In general, GNNs-based node classification, such as [Kipf and Welling, 2017], is (semi-) supervised learning, and its final output is a multi-dimensional vector consisting of predicted labels for unlabeled nodes. In contrast, link prediction, such as [Kipf and Welling, 2016], is typically regarded as an unsupervised learning task, and its final output is an adjacency matrix of a much higher dimension than that of the nodes. Thus, link prediction can be regarded as an inverse problem of decoding a noisy adjacency matrix with potentially many missing values of a graph into the underlying true values and thus appears to be more challenging than node classification in terms of supervision and potential output dimensionality. Besides, although the performance of both node classification and link prediction degrades with the increase of the number of layers, due to the nature of GNNs, the accuracies of node classification eventually converge to different constants [Wang et al., 2019; Chen et al., 2020], while the final results of link prediction converge to 0.5 (see Figure 1). Given all these patent differences, although the recent development in GNNs makes a deeper extension of GCN for node classification feasible, whether there is an advantage of increasing the depth of GAEs (VGAEs) for link prediction still remains unanswered.
In this paper, we study the deep extension of current GAE (VGAE) for link prediction, effectively extending it into a deep model, DGAE (DVGA).1 To this end, the multi-scale information of seamlessly integrated adjacency matrix and node features will play a key role. Specifically, we create an approach to exploit the multi-scale information by constructing residual connections from the low-dimensional representations of the coherently fused adjacency matrix and node features of the graph. As the low-fidelity input graph consists of noisy or missing connections and the node features may also contain useless or irrelevant features, the input graph is intrinsically low-dimensional in both graph structure and node features. To capture such an essential, low-dimensional structure and provision it at different scales, we generate the co-embedding of the integrated adjacency matrix and node features by leveraging standard one-layer auto-encoders (AEs), and then use it to produce multi-scale information via skip connections, thereby further empowering the compact joint edge-node representation. To prevent the model from over-fitting or going unnecessarily complex, we also adopt helpful regularizations. In brief, the contributions of the paper are summarized as follows:
Our approach effectively extends the shallow GAE into the deep case, DGAE. To our best knowledge, it is the first deep GAE-based model for link prediction.

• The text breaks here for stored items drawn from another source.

text \<open>A G-factorization a_0^{k_0} y_1 a_1^{k_1} ... y_n a_n^{k_n}, given by
  sequences a (indices 0..n), k (indices 0..n), y (indices 1..n).\<close>

definition gbs_factorization ::
  "'v set \<Rightarrow> 'e set \<Rightarrow> ('e \<Rightarrow> 'v) \<Rightarrow> ('e \<Rightarrow> 'v)
   \<Rightarrow> nat \<Rightarrow> (nat \<Rightarrow> 'v) \<Rightarrow> (nat \<Rightarrow> int) \<Rightarrow> (nat \<Rightarrow> 'e) \<Rightarrow> bool" where
  "gbs_factorization V E \<iota> \<tau> n a k y \<longleftrightarrow>
     (\<forall>i\<le>n. a i \<in> V) \<and>
     (\<forall>i\<in>{1..n}. y i \<in> E \<and> \<iota> (y i) = a (i - 1) \<and> \<tau> (y i) = a i) \<and>
     a n = a 0"

text \<open>rho of a single edge: the unit vector e_y if y in D, and -e_{bar y} otherwise
  (as a function on edges supported on D).\<close>

definition rho_edge :: "'e set \<Rightarrow> ('e \<Rightarrow> 'e) \<Rightarrow> 'e \<Rightarrow> 'e \<Rightarrow> int" where
  "rho_edge D bar y e = (if y \<in> D then (if e = y then 1 else 0)
                         else (if e = bar y then -1 else 0))"

text \<open>rho(w_{i,j}) = sum of rho(y_mu) for mu = i+1..j (the vertex powers contribute 0).\<close>

definition rho_sub :: "'e set \<Rightarrow> ('e \<Rightarrow> 'e) \<Rightarrow> (nat \<Rightarrow> 'e) \<Rightarrow> nat \<Rightarrow> nat \<Rightarrow> 'e \<Rightarrow> int" where
  "rho_sub D bar y i j e = (\<Sum>\<mu>\<in>{i+1..j}. rho_edge D bar (y \<mu>) e)"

Our approach innovatively incorporates standard AEs and graph AEs into unified models. Standard AEs are leveraged to obtain the low-dimensional representation of the seamlessly integrated adjacency matrix and node features, forming the basis for constructing conducive skip connections in graph AEs to extract multi-scale joint edge-node information.
Empirical experiments demonstrate that DGAE achieves superior performance to current shallow GAEs and their variants consistently across benchmarking datasets.
Theoretical results show that DGAE can inclusively express multiple polynomial filters with different orders.
The notations are used as follows. Let G = (V, E, X) be an undirected graph, where V and E respectively denote the sets of nodes and edges, and X ∈ ℝn×m is the node feature matrix, with n and m being the numbers of nodes and features, respectively. A ∈ {0, 1}n×n is the adjacency matrix associated with G. denotes the Frobenius norm, and 𝔼A [·] is the expectation over the distribution of A.
2. Related Work
In this section, we briefly review the relevant studies in deepening models for GCNs; then, we discuss the developments of link prediction based on GAEs (VGAEs).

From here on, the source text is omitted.